Bonn, 25.1.2001: Der zum Erreichen des deutschen CO2-Ziels notwendige Rückgang der CO2-Emissionen im Jahr 2000 hat sich nicht fortgesetzt, sondern stagniert. Die GERMANWATCH-Berechnungen basieren auf den neuen vorläufigen Zahlen über den Energieverbrauch in Deutschland, die die Arbeitsgemeinschaft Energiebilanzen vorgelegt hat. Diese unerfreuliche Entwicklung ist vor allem auf die starke Zunahme des Einsatzes von Braunkohle zurückzuführen. "Hier wirken sich die Beschlüsse der frühen 90er Jahre über den Neubau von Braunkohlekraftwerken aus, als der Klimaschutz noch keine große Bedeutung für die energiewirtschaftlichen Entscheidungen hatte" kommentiert Christoph Bals, Leiter der Kampagne RioKonkret von GERMANWATCH. "Wenn Deutschland dieses Jahr nicht die Trendwende bei den Emissionen schafft und sie durchhält, sehe ich schwarz für das Erreichen des Reduktionsziels von minus 25 Prozent CO2 bis zum Jahr 2005 gegenüber 1990."

Nach den Zahlen der Arbeitsgemeinschaft Energiebilanzen hat der Jahresenergieverbrauch für das Jahr 2000 stagniert. (Sie ermittelt eine 0,2%ige Abnahme gegenüber dem Vorjahr).

Dabei gab es auch sehr gegenläufige Trends:

Aufgrund des sehr warmen Jahres - es war in Deutschland erneut das wärmste des vergangenen Jahrhunderts - und der höheren Ölpreise sank der Absatz von leichtem (minus 5,2%) und schwerem (minus 8,8%) Heizöl deutlich. Aus denselben Gründen ging in privaten Haushalten - obwohl mehr Wohnungen als bisher mit Gas beheizt werden - auch der Gasverbrauch leicht zurück.

Aufgrund des weltmarkt- sowie ökosteuerbedingten Preisanstiegs sank auch der Spritverbrauch wegen verringerter Fahrleistung sowie sparsamerer Fahrzeuge so deutlich wie noch nie seit 1994: um 4,3 %. Der Preisanstieg zeigt also eine deutliche Lenkungswirkung. Beim Verbrauch des Diesels konnte immerhin der Anstieg gestoppt werden. Dieser stagnierende Dieselverbrauch zeigt zweierlei. Erstens steigen Autofahrer vermehrt auf den effizienteren und kostengünstigeren Kraftstoff um. Also auch hier ist eine Lenkungswirkung der politik- und weltmarktbedingten höheren Spritpreise zu konstatieren. Zweitens könnte die Einführung einer kilometerabhängigen Schwerverkehrsabgabe dem ansonsten stark ansteigenden LKW-Güterverkehr entgegenwirken.
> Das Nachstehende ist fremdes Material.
(* Let $p$ be an odd prime, let $n$ be the multiplicative order of $2$ modulo $p$, and let $e$ be the multiplicative order of $p$ modulo $3n$. Suppose that $e>1$. Set $q=p^a$ where $a\not\equiv 0\pmod e$, and suppose further that $q\equiv 1\pmod 6$. Then for any primitive element $\rho$ of $\mathbb F_q$, the cyclotomic number $c^3_q(1,2)$ is odd.
   Context: Write $q=6r+1$; for $i\in\mathbb Z_3$, $C^3_q(i)=\{\rho^{3j+i}: 0\le j\le 2r-1\}$, and $c^3_q(a,b)=|(C^3_q(a)+1)\cap C^3_q(b)|$ for $a,b\in\mathbb Z_3$. *)

theory Defs
  imports "HOL-Number_Theory.Number_Theory" "HOL-Library.Cardinality"
begin

definition primitive_element :: "'a::{finite,field} \<Rightarrow> bool" where
  "primitive_element \<rho> \<longleftrightarrow> \<rho> \<noteq> 0 \<and> (\<forall>x. x \<noteq> 0 \<longrightarrow> (\<exists>k::nat. x = \<rho> ^ k))"

definition cyc_class3 :: "'a::{finite,field} \<Rightarrow> nat \<Rightarrow> 'a set" where
  "cyc_class3 \<rho> i = {\<rho> ^ (3 * j + i) | j. j < 2 * ((CARD('a) - 1) div 6)}"

definition cyc_num3 :: "'a::{finite,field} \<Rightarrow> nat \<Rightarrow> nat \<Rightarrow> nat" where
  "cyc_num3 \<rho> a b = card ((\<lambda>x. x + 1) ` cyc_class3 \<rho> a \<inter> cyc_class3 \<rho> b)"

end

theory Submission
  imports Defs
begin

text \<open>
  Write \<open>S i j = {x \<in> C i. x + 1 \<in> C j}\<close>, so that \<open>c(i,j) = |S i j|\<close>. Since \<open>-1\<close> is a cube,
  \<open>x \<mapsto> -1 - x\<close> maps \<open>S i j\<close> onto \<open>S j i\<close> and \<open>x \<mapsto> 1/x\<close> maps \<open>S 1 1\<close> onto \<open>S 2 0\<close>.
  Counting the elements of \<open>C 0 - {-1}\<close> and of \<open>C 1\<close> by the class of their successor then gives
  \<open>c(1,2) = c(0,0) + 1\<close>. The involution \<open>x \<mapsto> -1 - x\<close> of \<open>S 0 0\<close> has no fixed point
  unless \<open>-1/2\<close>, equivalently \<open>2\<close>, is a cube, so \<open>c(0,0)\<close> is even when \<open>2\<close> is not a cube.
  Finally, if \<open>2\<close> were a cube then \<open>2^((q-1)/3) = 1\<close> in \<open>\<bbbF>\<^sub>p\<close>, hence \<open>3n\<close> divides
  \<open>q - 1 = p^a - 1\<close> and \<open>e\<close> divides \<open>a\<close>.
\<close>

lemma even_card_if_fixpoint_free_involution:
  assumes "finite A" "\<forall>x\<in>A. g x \<in> A \<and> g (g x) = x \<and> g x \<noteq> x"
  shows "even (card A)"
  using assms
proof (induction "card A" arbitrary: A rule: less_induct)
  case less
  show ?case
  proof (cases "A = {}")
    case False
    then obtain x where x: "x \<in> A" by blast
    have gx: "g x \<in> A" "g x \<noteq> x" using less.prems x by auto
    define A' where "A' = A - {x, g x}"
    have "card {x, g x} \<le> card A" using less.prems(1) x gx by (intro card_mono) auto
    then have card_A: "card A = card A' + 2"
      using less.prems(1) x gx unfolding A'_def by (simp add: card_Diff_subset)
    have "\<forall>y\<in>A'. g y \<in> A' \<and> g (g y) = y \<and> g y \<noteq> y"
    proof
      fix y assume "y \<in> A'"
      then have y: "y \<in> A" "y \<noteq> x" "y \<noteq> g x" unfolding A'_def by auto
      have "g (g y) = y" "g (g x) = x" using less.prems(2) x y(1) by auto
      then have "g y \<noteq> x" "g y \<noteq> g x" using y(2,3) by auto
      then show "g y \<in> A' \<and> g (g y) = y \<and> g y \<noteq> y"
        using less.prems(2) y(1) unfolding A'_def by auto
    qed
    then have "even (card A')"
      using less.hyps[of A'] less.prems(1) card_A unfolding A'_def by simp
    then show ?thesis using card_A by simp
  qed simp
qed

lemma card_eq_if_involution_swaps:
  assumes "f ` A \<subseteq> B" "f ` B \<subseteq> A" "\<And>x. f (f x) = x"
  shows "card A = card B"
  by (rule bij_betw_same_card, rule bij_betw_byWitness[where f' = f]) (use assms in auto)
lemma splay_amortized:
  assumes "bst R" "interval_bst R t" "x \<in> set_tree t"
  shows "int (dep t x) + potential R (splay x t) - potential R t
    \<le> 1 + 6 * (int (dep R x) - min_depth R (set_tree t))"
proof (cases "even (dep t x)")
  case True
  with splay_even_amortized[OF assms True] show ?thesis by (simp add: splay_def)
next
  case False
  then obtain l a r where t: "t = Node l a r" and "x \<noteq> a"
    using assms(3) by (cases t) (auto split: if_splits)
  have bst: "bst t" using assms(2) unfolding interval_bst_def by simp
  have sub: "interval_bst R l" "interval_bst R r"
    using interval_bst_subtrees assms(2) unfolding t by blast+
  consider (zig_left) "x < a" | (zig_right) "a < x" using \<open>x \<noteq> a\<close> by linarith
  then show ?thesis
  proof cases
    case zig_left
    with False bst assms(3) t have l: "x \<in> set_tree l" "even (dep l x)" by auto
    obtain A B where AB: "splay_even x l = Node A x B"
      using splay_even_root l sub(1) unfolding interval_bst_def by blast
    from splay_even_amortized[OF assms(1) sub(1) l] AB
    have "int (dep l x) + potential R (Node A x B) - potential R l
        \<le> 6 * (int (dep R x) - min_depth R (set_tree l))" by simp
    from zig_left_amortized[OF inorder_splay_even[of x l, unfolded AB] this]
    show ?thesis using False t zig_left AB by (simp add: splay_def algebra_simps)
  next
    case zig_right
    with False bst assms(3) t have r: "x \<in> set_tree r" "even (dep r x)" by auto
    obtain A B where AB: "splay_even x r = Node A x B"
      using splay_even_root r sub(2) unfolding interval_bst_def by blast
    from splay_even_amortized[OF assms(1) sub(2) r] AB
    have "int (dep r x) + potential R (Node A x B) - potential R r
        \<le> 6 * (int (dep R x) - min_depth R (set_tree r))" by simp
    from zig_right_amortized[OF inorder_splay_even[of x r, unfolded AB] this]
    show ?thesis using False t zig_right \<open>x \<noteq> a\<close> AB by (simp add: splay_def algebra_simps)
  qed
qed

theorem mainTheorem8:
  shows "\<exists>c::real. \<forall>(n::nat) R T (i::nat).
           bst_on n R \<longrightarrow> bst_on n T \<longrightarrow> i \<in> {1..n} \<longrightarrow>
           real (splay_cost i T) + real_of_int (phi n R (splay i T)) - real_of_int (phi n R T)
             \<le> c * (1 + real (dep R i))"
proof (intro exI[of _ 6] allI impI)
  fix n R T i
  assume R: "bst_on n R" and T: "bst_on n T" and i: "i \<in> {1..n}"
  have T': "bst_on n (splay i T)"
    using T unfolding bst_on_def bst_iff_sorted_wrt_less by (metis inorder_splay set_inorder)
  have "int (dep T i) + potential R (splay i T) - potential R T
      \<le> 1 + 6 * (int (dep R i) - min_depth R (set_tree T))"
    using R T i by (intro splay_amortized) (auto simp: bst_on_def interval_bst_def convex_in_def)
  with min_depth_nonneg[of R "set_tree T"]
  have "int (splay_cost i T) + phi n R (splay i T) - phi n R T \<le> 6 * (1 + int (dep R i))"
    unfolding splay_cost_def phi_eq_potential[OF T] phi_eq_potential[OF T'] right_diff_distrib
      distrib_left by linarith
  then have "real_of_int (int (splay_cost i T) + phi n R (splay i T) - phi n R T)
      \<le> real_of_int (6 * (1 + int (dep R i)))"
    by (simp only: of_int_le_iff)
  then show "real (splay_cost i T) + real_of_int (phi n R (splay i T)) - real_of_int (phi n R T)
      \<le> 6 * (1 + real (dep R i))"
    by simp
qed

end
lemma trace_norm_partial_matching:
  assumes "fin_supp A"
    and column: "\<And>m m' n. A m n \<noteq> 0 \<Longrightarrow> A m' n \<noteq> 0 \<Longrightarrow> m = m'"
    and row: "\<And>m n n'. A m n \<noteq> 0 \<Longrightarrow> A m n' \<noteq> 0 \<Longrightarrow> n = n'"
  shows "trace_norm A = (\<Sum>(m, n)\<in>{(m, n). A m n \<noteq> 0}. cmod (A m n))"
proof -
  obtain R where R: "finite R" "\<And>m n. A m n \<noteq> 0 \<Longrightarrow> m \<in> R \<and> n \<in> R"
    using fin_supp_indices[OF assms(1)] by blast
  have "(\<Sum>m\<in>R. (cmod (A m n))\<^sup>2) = 0" if "n \<notin> R" for n
    using R(2) that by (metis (lifting) norm_zero power_zero_numeral sum.neutral)
  then have "trace_norm A = (\<Sum>n\<in>R. sqrt (\<Sum>m\<in>R. (cmod (A m n))\<^sup>2))"
    using R by (intro trace_norm_eq_sum_sqrt mat_mult_adj_self_rows_single row) (auto intro: sum_nonneg)
  also have "\<dots> = (\<Sum>n\<in>R. \<Sum>m\<in>R. cmod (A m n))"
    using R(1) column by (intro sum.cong refl sqrt_sum_squares_single) auto
  also have "\<dots> = (\<Sum>(m, n)\<in>R \<times> R. cmod (A m n))"
    by (subst sum.swap) (simp add: sum.cartesian_product)
  also have "\<dots> = (\<Sum>(m, n)\<in>{(m, n). A m n \<noteq> 0}. cmod (A m n))"
    using R by (intro sum.mono_neutral_right) auto
  finally show ?thesis .
qed

lemma trace_norm_partial_matching_le:
  assumes "finite {(m, n). A m n \<noteq> 0}"
    and "\<And>m m' n. A m n \<noteq> 0 \<Longrightarrow> A m' n \<noteq> 0 \<Longrightarrow> m = m'"
    and "\<And>m n n'. A m n \<noteq> 0 \<Longrightarrow> A m n' \<noteq> 0 \<Longrightarrow> n = n'"
    and "\<And>m n. A m n \<noteq> 0 \<Longrightarrow> cmod (A m n) \<le> b"
  shows "trace_norm A \<le> real (card {(m, n). A m n \<noteq> 0}) * b"
proof -
  have "fin_supp A"
    using assms(1) unfolding fin_supp_def .
  then have "trace_norm A = (\<Sum>(m, n)\<in>{(m, n). A m n \<noteq> 0}. cmod (A m n))"
    using assms(2,3) by (rule trace_norm_partial_matching)
  also have "\<dots> \<le> real (card {(m, n). A m n \<noteq> 0}) * b"
    using sum_bounded_above[of "{(m, n). A m n \<noteq> 0}" "\<lambda>(m, n). cmod (A m n)" b] assms(4) by auto
  finally show ?thesis .
qed

section \<open>Nearest-neighbour operators and the cuboid projection\<close>

(* simp rewrites the numeral 1 :: nat to Suc 0 *)
lemma coord_simps [simp]:
  "coord (Suc 0) (a, b, c) = a" "coord 2 (a, b, c) = b" "coord 3 (a, b, c) = c"
  by (simp_all add: coord_def)

lemma idx_eqI:
  assumes "\<And>j. j \<in> {1, 2, 3} \<Longrightarrow> coord j m = coord j n"
  shows "m = n"
  using assms[of 1] assms[of 2] assms[of 3] by (cases m, cases n) simp

definition neighbours :: "nat \<Rightarrow> idx \<Rightarrow> idx \<Rightarrow> bool" where
  "neighbours i m n \<longleftrightarrow> same_except i m n \<and> (coord i m + 1 = coord i n \<or> coord i n + 1 = coord i m)"

lemma neighbours_sym: "neighbours i m n \<Longrightarrow> neighbours i n m"
  unfolding neighbours_def same_except_def by auto

lemma neighbours_same_except:
  "neighbours i m n \<Longrightarrow> neighbours i m' n \<Longrightarrow> same_except i m m'"
  unfolding neighbours_def same_except_def by auto

definition cuboid :: "(nat \<Rightarrow> nat) \<Rightarrow> idx set" where
  "cuboid M = {n. \<forall>j\<in>{1, 2, 3}. coord j n \<le> M j}"

(* The two layers n_i = M i and n_i = M i + 1 on either side of the face of the cuboid
   orthogonal to e_i. *)
definition face :: "(nat \<Rightarrow> nat) \<Rightarrow> nat \<Rightarrow> idx set" where
  "face M i = {n \<in> cuboid (M(i := M i + 1)). M i \<le> coord i n}"

lemma cuboid_eq: "cuboid M = {0..M 1} \<times> {0..M 2} \<times> {0..M 3}"
  unfolding cuboid_def by (auto simp: coord_def)

lemma card_face_le:
  assumes "i \<in> {1, 2, 3}" and "\<And>j. j \<in> {1, 2, 3} \<Longrightarrow> M j \<le> L"
  shows "card (face M i) \<le> 2 * (L + 1)\<^sup>2"
proof -
  define layer where "layer j = (if j = i then {M i, M i + 1} else {0..L})" for j
  have "face M i \<subseteq> layer 1 \<times> layer 2 \<times> layer 3"
  proof
    fix n assume "n \<in> face M i"
    then have "coord j n \<in> layer j" if "j \<in> {1, 2, 3}" for j
      using that assms(2)[OF that] unfolding face_def cuboid_def layer_def
      by (cases "j = i") force+
    from this[of 1] this[of 2] this[of 3] show "n \<in> layer 1 \<times> layer 2 \<times> layer 3"
      by (cases n) simp
  qed
  moreover have "card (layer 1 \<times> layer 2 \<times> layer 3) = 2 * (L + 1)\<^sup>2"
    using assms(1) by (auto simp: layer_def card_cartesian_product power2_eq_square)
  ultimately show ?thesis
    by (metis card_mono finite_cartesian_product finite_atLeastAtMost finite.insertI finite.emptyI layer_def)
qed
(* Let $d\in\mathbb N$, $\varepsilon\in(0,1]$, and let $h=h(d,\varepsilon)$ be the height of Thiémard's partition as defined in the context. Let $r\in\{1,\dots,h\}$ and $\boldsymbol i,\boldsymbol j\in S^r$ with $i_\nu\le j_\nu$ for $\nu=1,\dots,r$, and assume both $Q^{(r)}_{\boldsymbol i}$ and $Q^{(r)}_{\boldsymbol j}$ are generated in the decomposition process. Then $$W(Q^{(r)}_{\boldsymbol i})\ge W(Q^{(r)}_{\boldsymbol j}),$$ and, if $W(Q^{(r)}_{\boldsymbol j})>\varepsilon$, $$\delta^{Q^{(r)}_{\boldsymbol i}}\ge \delta^{Q^{(r)}_{\boldsymbol j}}.$$ The first inequality is strict if and only if $i_\nu<j_\nu$ for some $\nu\in\{1,\dots,r-1\}$; the second inequality is strict if and only if $i_\nu<j_\nu$ for some $\nu\in\{1,\dots,r\}$.
   Context: Fix $d\in\mathbb N$ and $\varepsilon\in(0,1]$. For $x,y\in[0,1]^d$ write $[x,y)=\prod_{i=1}^d[x_i,y_i)$ and define the weight $W([x,y))=\prod_{i=1}^d y_i-\prod_{i=1}^d x_i$. Thiémard's decomposition process generates boxes, each with a type in $\{1,\dots,d+1\}$. It starts with $I^d=[0,1)^d=[(0,\dots,0),(1,\dots,1))$, of type $1$. Whenever a generated box $P=[\alpha,\beta)$ has type $j\le d$ and $W(P)>\varepsilon$, it is decomposed (procedure DECOMPOSE$(P,j)$) as follows: put $$\delta^P=\left(\frac{\prod_{i=1}^d\beta_i-\varepsilon}{\prod_{i=1}^{j-1}\alpha_i\prod_{i=j}^d\beta_i}\right)^{1/(d-j+1)},\qquad \gamma^P_i=\alpha_i\ (i<j),\quad \gamma^P_i=\delta^P\beta_i\ (i\ge j).$$ The children of $P$ are the boxes $Q^P_k=[a^{(k)},b^{(k)})$ for $k=j,\dots,d$, where $a^{(k)}_i=\gamma^P_i$ for $i<k$, $a^{(k)}_i=\alpha_i$ for $i\ge k$, $b^{(k)}_k=\gamma^P_k$, $b^{(k)}_i=\beta_i$ for $i\neq k$; the box $Q^P_k$ has type $k$. In addition $P$ has the child $Q^P_{d+1}=[\gamma^P,\beta)$ of type $d+1$. A generated box of type $d+1$ or of weight at most $\varepsilon$ is not decomposed. (Known facts from Thiémard: $\delta^P\in(0,1)$; the process terminates after finitely many steps; $W(Q^P_{d+1})=\varepsilon$ and $W(Q^P_k)=\delta^PW(P)$ for $j\le k\le d$.) Indexing: for $r\in\mathbb N$ let $S^r=\{\boldsymbol i\in\mathbb N^r: 1\le i_1\le i_2\le\dots\le i_r\le d\}$, $S^0=\{0\}$, and $\mathbf 1_r=(1,\dots,1)\in\mathbb N^r$. Put $Q^{(0)}_0=I^d$, $Q^{(1)}_{j_1}=Q^{I^d}_{j_1}$ ($j_1=1,\dots,d$, defined when $W(I^d)>\varepsilon$), and for $\boldsymbol j\in S^r$ with $Q^{(r)}_{\boldsymbol j}$ generated and $W(Q^{(r)}_{\boldsymbol j})>\varepsilon$, $Q^{(r+1)}_{(\boldsymbol j,j_{r+1})}=Q^{Q^{(r)}_{\boldsymbol j}}_{j_{r+1}}$ for $j_{r+1}=j_r,\dots,d$. The height $h=h(d,\varepsilon)$ of the partition is $0$ if $W(I^d)\le\varepsilon$, and otherwise the largest $h\in\mathbb N$ such that there is $\boldsymbol j\in S^{h-1}$ with $Q^{(h-1)}_{\boldsymbol j}$ generated and $W(Q^{(h-1)}_{\boldsymbol j})>\varepsilon$. *)

theory Defs
  imports Complex_Main
begin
Gegenläufig wirkte sich hingegen das hohe Wirtschaftswachstum von 3 Prozent aus. Die Industrie hatte deshalb einen höheren Gasverbrauch. Der Verbrauch von Steinkohle war im Jahr 2000 mit 65,5 Mill. t SKE um 1,6 % höher als im Vorjahr, bedingt durch die günstige Konjunktur in der Stahlindustrie.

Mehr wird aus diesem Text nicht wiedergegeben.